攻撃の組み立ての特長は、トップのポストに依存しないことです。ビルドアップのなかで遼一がほとんど姿を見せないことでわかります。組み立てのパターンは多様なようです。今日だけですべてを確認できたわけでは無いと思いますけど、大別すると三つのパターンがありそうです。一つ目はバイタルエリアにWGもしくはIHが入って二次基点を作るパターン。二つ目は後方からのダイアゴナルなクロスに逆サイドのアタッカーが合わせて、裏を狙うパターン。三つ目はサイドを意図的に開けてSBの攻撃参加を促すパターンです。

バイタルエリアを使うパターンがもっともヒロシらしいですね。バイタルエリアに入れ替わり立ち代り、アタック陣が互いに被らないよう動き直しする様は、攻撃のサステナビリティを感じさせます。もしかすると、ある時間帯は永遠に東京の支配が終わらないんじゃないかと思えるような、圧倒感を体感できるかもしれません。



すべてのアタッカーが高いクオリティを見せてくれましたけど、なかでも充実感を感じさせてくれたのは、慶悟と拓馬です。二人とも可動域が非常に広く、間違いなく攻撃のキャスティングボードを握りそうな存在です。どちらかというと慶悟は縦、拓馬は横に広い可動域を持っていて、媒体のような役割を担っていました。



前後半とも、第一戦と同じく4-1-4-1でスタートしました。アンカーに入ったのは前半はハビ、後半は秀人です。おそらく鉄板の不動メンバーはモリゲだけで、どのポジションも競争が活性化してそうですけど、アンカーに一番注目しています。秀人とハビ。開幕戦のアンカーにどちらが入るのか楽しみです。二人はキャラクターがかなり異なります。ハビは扇の要となり、あまり動きません。チームがサイドチェンジを多用しますし、アタッカーのポジションチェンジも頻繁なので組織の形が崩れやすそうですけど、まったくの杞憂です。もしかするとハビがチーム全体の基準点になっているのかもしれません。一方の秀人は、ご存知のとおり良く動きます。秀人自身が主体的に試合を動かすことを志向します。ハビのアンカーは、オーガナイズしている状態で安定感をもたらしますけど、もしかするとパターンを読まれやすいかもしれません。秀人のアンカーは、局面での可能性を広げますけど、自滅するリスクもあります。

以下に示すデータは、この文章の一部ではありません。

(* Let $(X,\mathrm{dist})$ be a complete metric space, $\Sigma$ a metric space, and $\{U_\sigma(t,\tau)\}_{\sigma\in\Sigma}$ a family of processes on $X$. Then the family is uniformly asymptotically compact if and only if it is totally uniformly dissipative.
   Context: A process on $X$ is a family of maps $U(t,\tau):X\to X$, indexed by reals $t\ge\tau$, with $U(\tau,\tau)=\mathrm{id}_X$ and $U(t,\tau)=U(t,s)U(s,\tau)$ for $t\ge s\ge\tau$; no continuity is assumed. For nonempty $B,C\subset X$, $\delta_X(B,C)=\sup_{x\in B}\inf_{\xi\in C}\mathrm{dist}(x,\xi)$. A set $K\subset X$ is uniformly attracting if for every bounded $C\subset X$, $\lim_{t-\tau\to\infty}\sup_{\sigma\in\Sigma}\delta_X(U_\sigma(t,\tau)C,K)=0$. The family is uniformly asymptotically compact if there exists a compact uniformly attracting set. A set $B\subset X$ is uniformly absorbing if for every bounded $C\subset X$ there is $t_e=t_e(C)$ with $U_\sigma(t,\tau)C\subset B$ for all $\sigma\in\Sigma$ whenever $t-\tau\ge t_e$. For $\varepsilon>0$, the $\varepsilon$-neighborhood of $K$ is $\mathcal{U}_\varepsilon(K)=\bigcup_{x\in K}\{\xi\in X:\mathrm{dist}(x,\xi)<\varepsilon\}$; $K$ is uniformly $\varepsilon$-absorbing if $\mathcal{U}_\varepsilon(K)$ is uniformly absorbing. The family is uniformly $\varepsilon$-dissipative if there is a finite uniformly $\varepsilon$-absorbing set, and totally uniformly dissipative if it is uniformly $\varepsilon$-dissipative for every $\varepsilon>0$. *)

theory Defs
  imports "HOL-Analysis.Analysis"
begin

definition is_process :: "(real \<Rightarrow> real \<Rightarrow> 'a \<Rightarrow> 'a) \<Rightarrow> bool" where
  "is_process U \<longleftrightarrow>
     (\<forall>\<tau>. U \<tau> \<tau> = id) \<and>
     (\<forall>t s \<tau>. \<tau> \<le> s \<and> s \<le> t \<longrightarrow> U t \<tau> = U t s \<circ> U s \<tau>)"

definition family_of_processes :: "'s set \<Rightarrow> ('s \<Rightarrow> real \<Rightarrow> real \<Rightarrow> 'a \<Rightarrow> 'a) \<Rightarrow> bool" where
  "family_of_processes \<Sigma> U \<longleftrightarrow> (\<forall>\<sigma>\<in>\<Sigma>. is_process (U \<sigma>))"

text \<open>lim over t - tau to infinity of sup over sigma of the Hausdorff semi-distance
  delta(U(t,tau)C, K) equals 0, unfolded into epsilon form.\<close>
definition uniformly_attracting ::
  "'s set \<Rightarrow> ('s \<Rightarrow> real \<Rightarrow> real \<Rightarrow> 'a::metric_space \<Rightarrow> 'a) \<Rightarrow> 'a set \<Rightarrow> bool" where
  "uniformly_attracting \<Sigma> U K \<longleftrightarrow>
     (\<forall>C. bounded C \<longrightarrow> (\<forall>\<epsilon>>0. \<exists>T. \<forall>\<sigma>\<in>\<Sigma>. \<forall>t \<tau>. \<tau> \<le> t \<and> t - \<tau> \<ge> T \<longrightarrow>
        (\<forall>x\<in>C. \<exists>\<xi>\<in>K. dist (U \<sigma> t \<tau> x) \<xi> < \<epsilon>)))"

definition uniformly_asymptotically_compact ::
  "'s set \<Rightarrow> ('s \<Rightarrow> real \<Rightarrow> real \<Rightarrow> 'a::metric_space \<Rightarrow> 'a) \<Rightarrow> bool" where
  "uniformly_asymptotically_compact \<Sigma> U \<longleftrightarrow>
     (\<exists>K. compact K \<and> uniformly_attracting \<Sigma> U K)"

シュートパターンは、ですので多様です。無いのは、やっぱりスプリンターがいないのでよっちのような行っといでパターンくらいです。宏介が抜けた穴の大きさを感じると思っていましたけど、サッカーがまったく違うこととあって寂寥感を感じることはありませんでした。アーリークロスは駒野が持っていますし、セットプレーは宏太がいますから。というわけで、41分。拓馬が寛之に倒されて得たペナルティエリア際やや右寄りのFKを、宏太がゴール右上隅に決めました。札幌1-1東京。



今日だけのサンプリングでは、この攻撃の基本プランがJ1クラスで有効なのかは、まだわかりません。結局のところ、開幕してみないとわからないのは毎年のことですね。攻撃要素がそれぞれムービングするので一見柔軟そうに感じますけど、攻撃ルートというか、経由する選手が決まっている傾向が見受けられるので、ポイントを絞って守られた場合、あるいはポゼッションのキーマンのコンディションが整わないときは苦労するかもしれません。

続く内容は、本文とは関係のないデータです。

text \<open>Writing \<open>t = 1/x\<close>, the \<open>x\<close>-derivative of \<open>P(t) e\<^sup>-\<^sup>t\<close> is \<open>t\<^sup>2 (P(t) - P'(t)) e\<^sup>-\<^sup>t\<close>;
  at \<open>0\<close> both one-sided difference quotients tend to \<open>0\<close>.\<close>
lemma has_real_derivative_poly_exp_recip:
  "(poly_exp_recip p has_real_derivative poly_exp_recip ([:0, 0, 1:] * (p - pderiv p)) x) (at x)"
proof -
  consider "x > 0" | "x < 0" | "x = 0" by linarith
  then show ?thesis
  proof cases
    case 1
    have "((\<lambda>y. poly p (1 / y) * exp (- (1 / y))) has_real_derivative
            poly_exp_recip ([:0, 0, 1:] * (p - pderiv p)) x) (at x)"
      using 1
      by (auto intro!: derivative_eq_intros DERIV_chain2[OF poly_DERIV]
          simp: poly_exp_recip_def power2_eq_square field_simps)
    then show ?thesis
      by (rule has_field_derivative_transform_within_open[where S = "{0<..}"])
        (use 1 in \<open>auto simp: poly_exp_recip_def\<close>)
  next
    case 2
    have "((\<lambda>y. 0) has_real_derivative poly_exp_recip ([:0, 0, 1:] * (p - pderiv p)) x) (at x)"
      using 2 by (simp add: poly_exp_recip_def)
    then show ?thesis
      by (rule has_field_derivative_transform_within_open[where S = "{..<0}"])
        (use 2 in \<open>auto simp: poly_exp_recip_def\<close>)
  next
    case 3
    let ?quot = "\<lambda>y. (poly_exp_recip p y - poly_exp_recip p 0) / (y - 0)"
    have "(?quot \<longlongrightarrow> 0) (at_left 0)"
      by (rule Lim_transform_eventually[OF tendsto_const])
        (auto simp: poly_exp_recip_def eventually_at_left_field intro!: exI[of _ "-1"])
    moreover have "(?quot \<longlongrightarrow> 0) (at_right 0)"
      by (rule Lim_transform_eventually[OF tendsto_poly_exp_recip_at_right_0[of "[:0, 1:] * p"]])
        (auto simp: poly_exp_recip_def eventually_at_right_field intro!: exI[of _ 1])
    ultimately have "(?quot \<longlongrightarrow> 0) (at 0)"
      by (simp add: filterlim_at_split)
    then show ?thesis
      using 3 by (simp add: has_field_derivative_iff poly_exp_recip_def)
  qed
qed

lemma smooth_real_poly_exp_recip: "smooth_real (poly_exp_recip p)"
proof -
  have "differentiable_upto n (poly_exp_recip p)" for n
  proof (induction n arbitrary: p)
    case 0
    then show ?case
      using has_real_derivative_poly_exp_recip
      by (auto simp: differentiable_upto_0 field_differentiable_def)
  next
    case (Suc n)
    have "deriv (poly_exp_recip p) = poly_exp_recip ([:0, 0, 1:] * (p - pderiv p))"
      by (intro ext DERIV_imp_deriv has_real_derivative_poly_exp_recip)
    with Suc show ?case
      using has_real_derivative_poly_exp_recip
      by (auto simp: differentiable_upto_Suc field_differentiable_def)
  qed
  then show ?thesis by (simp add: smooth_real_iff_differentiable_upto)
qed

definition bump :: "real \<Rightarrow> real \<Rightarrow> real \<Rightarrow> real \<Rightarrow> real" where
  "bump a b s x = poly_exp_recip 1 (s * (x - a)) * poly_exp_recip 1 (s * (b - x))"

lemma smooth_real_bump: "smooth_real (bump a b s)"
proof -
  have "smooth_real (\<lambda>x. poly_exp_recip 1 (s * x + - s * a) * poly_exp_recip 1 (- s * x + s * b))"
    by (intro smooth_real_mult smooth_real_compose_affine smooth_real_poly_exp_recip)
  moreover have "bump a b s = (\<lambda>x. poly_exp_recip 1 (s * x + - s * a) * poly_exp_recip 1 (- s * x + s * b))"
    by (simp add: fun_eq_iff bump_def right_diff_distrib)
  ultimately show ?thesis by simp
qed

lemma bump_eq_0: "s > 0 \<Longrightarrow> x \<notin> {a<..<b} \<Longrightarrow> bump a b s x = 0"
  by (auto simp: bump_def poly_exp_recip_def zero_less_mult_iff)

lemma bump_bounds: "0 \<le> bump a b s x" "bump a b s x \<le> 1"
  unfolding bump_def poly_exp_recip_def by (auto intro!: mult_le_one)

lemma bump_indicator_square_le:
  assumes "s > 0"
  shows "(indicator {a..b} x - bump a b s x)\<^sup>2 \<le> indicator {a..b} x"
proof (cases "x \<in> {a..b}")
  case True
  have "(1 - bump a b s x)\<^sup>2 \<le> 1"
    using bump_bounds[of a b s x] by (simp add: abs_square_le_1)
  with True show ?thesis by simp
next
  case False
  with bump_eq_0[OF assms, of x a b] show ?thesis by auto
qed

lemma tendsto_bump_at_top:
  assumes "x \<noteq> a" "x \<noteq> b"
  shows "((\<lambda>s. bump a b s x) \<longlongrightarrow> indicator {a..b} x) at_top"
proof (cases "x \<in> {a<..<b}")
  case True
  have "((\<lambda>s. exp (- (inverse s / (x - a))) * exp (- (inverse s / (b - x)))) \<longlongrightarrow>
          exp (- (0 / (x - a))) * exp (- (0 / (b - x)))) at_top"
    by (intro tendsto_intros tendsto_inverse_0_at_top filterlim_ident) (use True in auto)
  moreover have "\<forall>\<^sub>F s in at_top. exp (- (inverse s / (x - a))) * exp (- (inverse s / (b - x)))
                                   = bump a b s x"
    using eventually_gt_at_top[of 0]
    by eventually_elim (use True in \<open>simp add: bump_def poly_exp_recip_def field_simps\<close>)
  ultimately show ?thesis
    using True by (simp add: tendsto_cong)
next
  case False
  with assms have "x \<notin> {a..b}" by auto
  moreover have "\<forall>\<^sub>F s in at_top. bump a b s x = 0"
    using eventually_gt_at_top[of 0] by eventually_elim (use False in \<open>simp add: bump_eq_0\<close>)
  ultimately show ?thesis
    by (simp add: tendsto_eventually)
qed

守備は、第一戦で確認したとおりです。フォアチェックを基調とします。ファーストディフェンスを担うのは、やはりIHです。チェックの目的は、起点を消すことにあるようです。この点でも、相手のいかような攻撃パターンも包容することを旨としたフィッカデンティ東京と、コンセプトから180度異なります。



ただ、もっと強度の高いJ1で、このプランが通用するのかは、さすがに楽観視はできないと思います。今日ですら、やっぱりバイタルエリアで基点を作られると、安易にアタッキングサードへの進入を許してました。もちろん最後の砦に日本を代表する要がいるとは言え、過去二年間で作り上げたコレクティブな守備は守るべきところかもしれません。



さて、今日も30分頃に4-4-2に移行します。今日もテストの意図だと思います。この形の傾向は、ファーストディフェンダーであるIHがいなくなって、フォアチェックがかからないことです。もしかすると、かけることを意図してないのかもしれません。つまり、逆に相手にポゼッションさせるプラン用かなと思います。前述しましたとおり、現実的にすべての相手をオーガナイズすることは不可能ですから、困った時の闘いかたのオプションを持っていることは、チームに安定感を生み出すと思います。



ただ、4-4-2の守備に必要なコレクティブなゾーンの受け渡しがまだ整ってなく、中盤の守備ラインにギャップができる傾向にあります。もちろん練度は時間と実戦が解決してくれると思います。



4-4-2の場合の攻撃は、ほぼボランチを経由していました。攻撃パターンは主に二つ。ボランチからダイレクトにダイアゴナルなクロスで逆サイドのアタッカーを狙うミドルカウンター。もしくはサイドで基点を作り縦に崩すパターンです。選手の組み合わせでパターンも変わると思いますので、ここは参考程度に捉えます。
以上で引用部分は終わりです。